Well, apparently not, or at least not obviously. It turns out he was Gerald William Phillips, 1884-1956, born in India; died in Surrey; the author of three volumes about Shakespeare published in the Thirties, and one monograph about him in 1954. The title of one of these,
The Tragic Story of “Shakespeare” disclosed in the Sonnets, and the life of Edward de Vere, Seventeenth Earl of Oxford, etc. (Cecil Palmer, 1932), reveals him to be, as other sources confirm, an Oxfordian, ie one of those who argue that this courtier was the “real” author of Shakespeare’s work.
Now, though not quite as good as finding him a Phoenicianist (or whatever the proper term should be for those who seek signs of this civilisation in the West Country), this is still quite cheering. I have a fondness for quaint theories surrounding Shakespeare, including debates about the apocrypha (plays he might have written or co-written), books and things he may or may not have owned (such as his history book or, recently, his dictionary), and of course “the authorship question”. I was delighted to find a sturdy volume recently in which, instead of the usual suspects (Bacon, Oxford, or a circle of courtiers amusing themselves), a Russian scholar put forward the figure of the Earl of Rutland. There do not seem to be many other Rutlandians yet, but these things wax and wane. At first Bacon was very much in the ascendant but now Oxford is definitely more favoured.
I should explain that my relish in such debates is not because I subscribe to any of the theories in particular, but because I enjoy literary eccentricity.
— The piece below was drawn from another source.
(* Let $(X,d)$ be a proper metric space and let $X+_fW$ be a Hausdorff compactification of $X$ with the coarse Karlsson property. Then $X+_fW\in\mathrm{Pers}(\varepsilon_d)$, i.e. every $e\in\varepsilon_d$ is perspective for $X+_fW$.
   Context: $X+_fW$ denotes $X\sqcup W$ with closed sets the $D$ such that $D\cap X$ is closed in $X$, $D\cap W$ closed in $W$ and $f(D\cap X)\subseteq D$, for an admissible $f$ (sending $\emptyset$ to $\emptyset$ and preserving finite unions) from closed sets of $X$ to closed sets of $W$; here it is compact Hausdorff with $X$ dense. $\mathfrak{U}_f$ is the unique uniform structure of $X+_fW$; a set $S$ is $u$-small if $S\times S\subseteq u$. $\varepsilon_d$ is the bounded coarse structure: all $e\subseteq X\times X$ with $\sup\{d(x,y):(x,y)\in e\}<\infty$. A set $e\subseteq X\times X$ is perspective if $\mathrm{Cl}_{(X+_fW)^2}(e)\cap((X+_fW)^2-X^2)\subseteq\{(p,p):p\in W\}$; $\mathrm{Pers}(\varepsilon_d)$ consists of Hausdorff compactifications for which every element of $\varepsilon_d$ is perspective. A coarse arc between $x,y\in X$ is a map $\lambda:[0,t]\to X$ which is a coarse embedding for the metric coarse structures, with $\lambda(0)=x$, $\lambda(t)=y$. A set $\Upsilon$ of coarse arcs is equicoarse if (1) for every $r>0$ there is $s>0$ with $d(\lambda(a),\lambda(b))<s$ whenever $\lambda\in\Upsilon$, $a,b\in\mathrm{dom}\,\lambda$, $|a-b|<r$; and (2) for every $r>0$ there is $s>0$ with $|a-b|<s$ whenever $\lambda\in\Upsilon$ and $d(\lambda(a),\lambda(b))<r$. $X+_fW$ has the coarse Karlsson property if there is an equicoarse set $\Upsilon$ containing, for all $x,y\in X$, a coarse arc between $x$ and $y$, such that for every $u\in\mathfrak{U}_f$ there is a bounded $S\subseteq X$ such that every arc in $\Upsilon$ whose image does not meet $S$ has $u$-small image. *)

theory Defs
  imports "HOL-Analysis.Analysis"
begin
I also have a small collection, I suppose it may be getting on for a dozen titles, of books which attempt to complete, or solve,
The Mystery of Edwin Drood. Some of these are written as novels, or as fictional continuations, whereas others are essays or monographs looking at the various theories that have been put forward, sometimes advancing a new one, or if not at least coming out in favour of one or another. The several questions the famously unfinished book prompt include: what did Dickens mean when he said he had “a very curious and new idea for my new story…a very strong one, though difficult to work”?; what is the significance of the opium den?; who is the stranger Dick Datchery, and what is he up to?; who are the Singhalese twins, Neville and Helena Landless, and what is their role?; and, of course, who murdered Edwin Drood?.
This is a very enjoyable game indeed. Many ingenious devices have been used to work out how Dickens meant the story to end. People have looked for clues in his letters or, more often, it must be said, between the lines of his letters. The illustrations to the frontispiece of the first edition have been minutely examined for clues, on the assumption that Dickens might have confided the denouement to the artist. The memoirs of Dickens’ family, friends and associates have been scoured for anything he might have said or hinted to them. Seances have been held to elicit the answer from Dickens’ restless spirit, and indeed a whole book was written which purported to have been dictated from beyond. The position is made more complicated, and disputatious, because Dickens himself clearly said he changed the plan for the story as he wrote it: so any early suggestions may have been superseded.
M.R. James also much enjoyed the Drood game and accompanied some fellow scholars to Rochester to look into it at the scene of the crime (if, indeed, there was a crime: even that is not quite certain). This is another example of “scholars on holiday” and in more than one way, taking time away from the cloister and common room to pit their wits against a perennial and in every sense endless mystery.